In an optical pickup, a light beam emitted from a semiconductor laser is focused on a recording surface of an optical disc by an objective lens via an optical system. The return light beam from the optical disc is separated from the light beam emitted from the semiconductor laser by the optical system and is guided to the photodetector. The light beam emitted from the semiconductor laser follows the displacement of the optical disc in the direction orthogonal to the surface direction of the optical disc caused by the warp of the optical disc, etc., and is focused on the recording surface of the optical disc. The position of the objective lens in the optical axis direction is adjusted. At the same time, the position in the direction orthogonal to the optical axis of the objective lens is adjusted so that the position of the spot of the light beam emitted from the semiconductor laser on the optical disc follows the eccentricity of the optical disc and the meandering of the track formed on the optical disc. To be done.

The focus position of the light beam emitted from the semiconductor laser and the spot position on the recording surface of the optical disc are adjusted by adjusting the objective lens in the optical axis direction of the objective lens and in the direction orthogonal to the optical axis. It is done by adjusting. An electromagnetically driven actuator is used to adjust the position of the objective lens.

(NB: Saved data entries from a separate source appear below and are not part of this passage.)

(* Let $\mathcal{C}$ be a PL-cograph and $P,Q,R$ distinct points with $e=\mathcal{C}(P,Q)\neq f=\mathcal{C}(P,R)$. Then $P$ is the unique point incident to both an edge of value $e$ and an edge of value $f$: if $P',Q',R'$ are points with $\mathcal{C}(P',Q')=e$ and $\mathcal{C}(P',R')=f$, then $P'=P$.
   Context: A cograph is a function $\mathcal{C}$ assigning to each unordered pair $\{P,Q\}$ of distinct elements of a point set a value $\mathcal{C}(P,Q)$ (an edge). A PL-cograph is a cograph satisfying: (1) for distinct points $P,Q,R$, if $\mathcal{C}(P,Q)=\mathcal{C}(Q,R)$ then $\mathcal{C}(P,Q)=\mathcal{C}(P,R)$; (2) for distinct points $P,Q,R,S$, if $\mathcal{C}(P,Q)=\mathcal{C}(R,S)$ then $\mathcal{C}(P,Q)=\mathcal{C}(P,R)=\mathcal{C}(P,S)=\mathcal{C}(Q,R)=\mathcal{C}(Q,S)$. *)

theory Defs
  imports Main
begin

text \<open>A cograph on a point set S: a value C P Q for each unordered pair of distinct
points, modelled as a function symmetric on distinct points of S.\<close>
definition cograph :: "'a set \<Rightarrow> ('a \<Rightarrow> 'a \<Rightarrow> 'b) \<Rightarrow> bool" where
  "cograph S C \<longleftrightarrow> (\<forall>P\<in>S. \<forall>Q\<in>S. P \<noteq> Q \<longrightarrow> C P Q = C Q P)"

definition PL_cograph :: "'a set \<Rightarrow> ('a \<Rightarrow> 'a \<Rightarrow> 'b) \<Rightarrow> bool" where
  "PL_cograph S C \<longleftrightarrow> cograph S C
     \<and> (\<forall>P\<in>S. \<forall>Q\<in>S. \<forall>R\<in>S. distinct [P, Q, R] \<longrightarrow> C P Q = C Q R \<longrightarrow> C P Q = C P R)
     \<and> (\<forall>P\<in>S. \<forall>Q\<in>S. \<forall>R\<in>S. \<forall>T\<in>S. distinct [P, Q, R, T] \<longrightarrow> C P Q = C R T \<longrightarrow>
          C P Q = C P R \<and> C P Q = C P T \<and> C P Q = C Q R \<and> C P Q = C Q T)"

end

theory Submission
  imports Defs
begin

text \<open>If some edge elsewhere in the cograph carries the value e = C P Q, then
every edge from P to a point P' on such an edge also has value e (by the two
PL axioms, case by case on how the edges overlap).  A point P' \<noteq> P lying on
edges of values e and f would thus force e = C P P' = f.\<close>

lemma PL_cograph_sym:
  assumes "PL_cograph S C" "X \<in> S" "Y \<in> S" "X \<noteq> Y"
  shows "C X Y = C Y X"
  using assms unfolding PL_cograph_def cograph_def by blast

lemma PL_cograph_path:
  assumes "PL_cograph S C" "X \<in> S" "Y \<in> S" "Z \<in> S" "distinct [X, Y, Z]"
    and "C X Y = C Y Z"
  shows "C X Y = C X Z"
  using assms unfolding PL_cograph_def by blast

lemma PL_cograph_disjoint:
  assumes "PL_cograph S C" "X \<in> S" "Y \<in> S" "Z \<in> S" "T \<in> S" "distinct [X, Y, Z, T]"
    and "C X Y = C Z T"
  shows "C X Y = C X Z"
  using assms unfolding PL_cograph_def by blast

lemma PL_cograph_edge_to_same_value:
  assumes PL: "PL_cograph S C"
    and "P \<in> S" "Q \<in> S" "P \<noteq> Q"
    and "P' \<in> S" "Q' \<in> S" "P' \<noteq> Q'" "P' \<noteq> P"
    and eq: "C P' Q' = C P Q"
  shows "C P P' = C P Q"
proof -
  consider "Q' = P" | "P' = Q" | "Q' = Q" | "distinct [P, Q, P', Q']"
    using assms by auto
  then show ?thesis
  proof cases
    case 1
    then show ?thesis using eq PL_cograph_sym[OF PL] assms by metis
  next
    case 2
    then show ?thesis by simp
  next
    case 3
    then have "C P Q = C Q P'"
      using eq PL_cograph_sym[OF PL] assms by metis
    then show ?thesis using PL_cograph_path[OF PL, of P Q P'] 3 assms by auto
  next
    case 4
    then show ?thesis using PL_cograph_disjoint[OF PL, of P Q P' Q'] eq assms by auto
  qed
qed

theorem mainTheorem20:
  fixes S :: "'a set" and C :: "'a \<Rightarrow> 'a \<Rightarrow> 'b"
  assumes "PL_cograph S C"
    and "P \<in> S" "Q \<in> S" "R \<in> S" "distinct [P, Q, R]"
    and "C P Q \<noteq> C P R"
    and "P' \<in> S" "Q' \<in> S" "R' \<in> S" "P' \<noteq> Q'" "P' \<noteq> R'"
    and "C P' Q' = C P Q" "C P' R' = C P R"
  shows "P' = P"
proof (rule ccontr)
  assume "P' \<noteq> P"
  then have "C P P' = C P Q" and "C P P' = C P R"
    using PL_cograph_edge_to_same_value[of S C P Q P' Q']
      PL_cograph_edge_to_same_value[of S C P R P' R'] assms by auto
  then show False using assms by simp
qed

end
definition upper_dens :: "nat set \<Rightarrow> ereal" where
  "upper_dens A = limsup (\<lambda>N. ereal (real (card (A \<inter> {1..N})) / real N))"

end

theory Submission
  imports Defs
begin

(* Both conditions concern only the numbers a_i(n) = \<mu>(\<phi>^-n (B_i)). With dens_ratio A N = card (A \<inter> [1,N]) / N, condition (ii) says that
   every sublevel set {n. a_i(n) < \<epsilon>} has density ratio tending to 1 along (M_j), and (i) says
   that a set A of upper density 1 lies, up to finitely many elements, in every sublevel set.
   For (i) \<Longrightarrow> (ii) take M_j along which the density ratio of A tends to 1.
   For (ii) \<Longrightarrow> (i), finite intersections of sublevel sets still have density ratio tending to 1
   along (M_j); enumerating the countably many sets {n. a_i(n) < 1/(k+1)} thus yields a decreasing
   sequence T_k of sets of upper density 1. Choosing q_k increasing with T_k nearly full at q_k,
   the diagonal set A = {n. \<forall>k. q_k < n \<longrightarrow> n \<in> T_k} contains T_k \<inter> [1,q_k] because the T_k
   decrease, so A has upper density 1 while A - T_k is finite for every k. *)

definition dens_ratio :: "nat set \<Rightarrow> nat \<Rightarrow> real" where
  "dens_ratio A N = real (card (A \<inter> {1..N})) / real N"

This actuator is called an objective lens actuator or a biaxial actuator, and includes a bobbin to which the objective lens is attached, a plurality of elastic supporting members, and a drive unit that generates a driving force.
The bobbin is supported by a plurality of elastic supporting members with respect to the fixed portion such that the position in the optical axis direction of the objective lens, that is, the focus position and the position in the direction orthogonal to the optical axis of the objective lens, that is, the tracking position, are adjustable. ing. An example of this biaxial actuator will be described below with reference to FIG.

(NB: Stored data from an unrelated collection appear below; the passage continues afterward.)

(* Let $\mathbf{C}$ be a locally small category all of whose morphisms are monomorphisms, and let $\mathfrak{G} = (G_A)_{A \in \mathrm{Ob}(\mathbf{C})}$ be a family of groups with $G_A \le \mathrm{Aut}_\mathbf{C}(A)$ for all $A$. Then for every $A \in \mathrm{Ob}(\mathbf{C})$, $$t_\mathbf{C}(A) = |G_A| \cdot t^\mathfrak{G}_\mathbf{C}(A),$$ where the equality is read in $\mathbb{N}_\infty$ (in particular, if $G_A$ is infinite then $t_\mathbf{C}(A) = \infty$).
   Context: $\mathrm{Aut}_\mathbf{C}(A)$ is the group of invertible morphisms $A \to A$. For $f, g \in \hom(A,B)$ write $f \sim_\mathfrak{G} g$ if $f = g \cdot \alpha$ for some $\alpha \in G_A$; let $\binom{B}{A}_\mathfrak{G} = \hom(A,B)/{\sim_\mathfrak{G}} = \{f \cdot G_A : f \in \hom(A,B)\}$, and for $w \in \hom(B,C)$ let $w \cdot \binom{B}{A}_\mathfrak{G} = \{(w\cdot f)/{\sim_\mathfrak{G}} : f \in \hom(A,B)\}$. For $k,t \in \mathbb{N}$, $C \overset{\mathfrak{G}}{\longrightarrow} (B)^A_{k,t}$ means: for every coloring $\chi : \binom{C}{A}_\mathfrak{G} \to k=\{0,\dots,k-1\}$ there is $w \in \hom(B,C)$ with $|\chi(w \cdot \binom{B}{A}_\mathfrak{G})| \le t$. The small $\mathfrak{G}$-Ramsey degree $t^\mathfrak{G}_\mathbf{C}(A)$ is the least positive integer $n$ such that for all $k \in \mathbb{N}$ and all $B \in \mathrm{Ob}(\mathbf{C})$ there is $C$ with $C \overset{\mathfrak{G}}{\longrightarrow} (B)^A_{k,n}$, and $\infty$ if there is none. The small embedding Ramsey degree $t_\mathbf{C}(A)$ is $t^\mathfrak{G}_\mathbf{C}(A)$ for the family $G_A = \{\mathrm{id}_A\}$ (so classes are single morphisms). Convention: $\mathbb{N}_\infty = \{1,2,\dots,\infty\}$ with $\infty \cdot n = n \cdot \infty = \infty\cdot\infty = \infty$, and $|G_A|$ is taken to be $\infty$ when $G_A$ is infinite. *)

theory Defs
  imports Main "HOL-Library.Extended_Nat"
begin

text \<open>A (locally small) category presented by a set of objects Ob, hom-sets
  hom A B, composition cmp w f (meaning w after f, written w . f in the paper),
  and identities idm A.\<close>

definition category ::
  "'o set \<Rightarrow> ('o \<Rightarrow> 'o \<Rightarrow> 'm set) \<Rightarrow> ('m \<Rightarrow> 'm \<Rightarrow> 'm) \<Rightarrow> ('o \<Rightarrow> 'm) \<Rightarrow> bool" where
  "category Ob hom cmp idm \<longleftrightarrow>
     (\<forall>A\<in>Ob. \<forall>B\<in>Ob. \<forall>A'\<in>Ob. \<forall>B'\<in>Ob. hom A B \<inter> hom A' B' \<noteq> {} \<longrightarrow> A = A' \<and> B = B') \<and>
     (\<forall>A\<in>Ob. idm A \<in> hom A A) \<and>
     (\<forall>A\<in>Ob. \<forall>B\<in>Ob. \<forall>C\<in>Ob. \<forall>f\<in>hom A B. \<forall>g\<in>hom B C. cmp g f \<in> hom A C) \<and>
     (\<forall>A\<in>Ob. \<forall>B\<in>Ob. \<forall>f\<in>hom A B. cmp (idm B) f = f \<and> cmp f (idm A) = f) \<and>
     (\<forall>A\<in>Ob. \<forall>B\<in>Ob. \<forall>C\<in>Ob. \<forall>D\<in>Ob. \<forall>f\<in>hom A B. \<forall>g\<in>hom B C. \<forall>h\<in>hom C D.
        cmp h (cmp g f) = cmp (cmp h g) f)"

definition all_mono ::
  "'o set \<Rightarrow> ('o \<Rightarrow> 'o \<Rightarrow> 'm set) \<Rightarrow> ('m \<Rightarrow> 'm \<Rightarrow> 'm) \<Rightarrow> bool" where
  "all_mono Ob hom cmp \<longleftrightarrow>
     (\<forall>B\<in>Ob. \<forall>C\<in>Ob. \<forall>h\<in>hom B C. \<forall>A\<in>Ob. \<forall>f\<in>hom A B. \<forall>g\<in>hom A B.
        cmp h f = cmp h g \<longrightarrow> f = g)"

definition Aut ::
  "('o \<Rightarrow> 'o \<Rightarrow> 'm set) \<Rightarrow> ('m \<Rightarrow> 'm \<Rightarrow> 'm) \<Rightarrow> ('o \<Rightarrow> 'm) \<Rightarrow> 'o \<Rightarrow> 'm set" where
  "Aut hom cmp idm A =
     {f \<in> hom A A. \<exists>g\<in>hom A A. cmp g f = idm A \<and> cmp f g = idm A}"

definition subgroup_Aut ::
  "('o \<Rightarrow> 'o \<Rightarrow> 'm set) \<Rightarrow> ('m \<Rightarrow> 'm \<Rightarrow> 'm) \<Rightarrow> ('o \<Rightarrow> 'm) \<Rightarrow> 'o \<Rightarrow> 'm set \<Rightarrow> bool" where
  "subgroup_Aut hom cmp idm A G \<longleftrightarrow>
     G \<subseteq> Aut hom cmp idm A \<and> idm A \<in> G \<and>
     (\<forall>f\<in>G. \<forall>g\<in>G. cmp f g \<in> G) \<and>
     (\<forall>f\<in>G. \<exists>g\<in>G. cmp g f = idm A \<and> cmp f g = idm A)"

Such a biaxial actuator is constructed, for example, as shown in FIG. In FIG.
The biaxial actuator 1 includes a lens holder 2 having an objective lens 2a attached to a tip thereof, and the lens holder 2
To the coil bobbin 3 attached by adhesion or the like
It has and.

The lens holder 2 has two ends perpendicular to the fixed portion 4 by two pairs of elastic supporting members 5 having one end on both sides of the lens holder 2 and the other end fixed to the fixed portion 4. Direction, that is, the tracking direction indicated by the reference symbol Trk and the focusing direction indicated by the reference symbol Fcs are movably supported.

Further, the coil bobbin 3 is wound with a focusing coil and a tracking coil (not shown). By energizing each coil, the magnetic flux generated in each coil interacts with the magnetic flux generated by the yoke 6 attached to the fixed portion 4 and the magnet 7 attached thereto.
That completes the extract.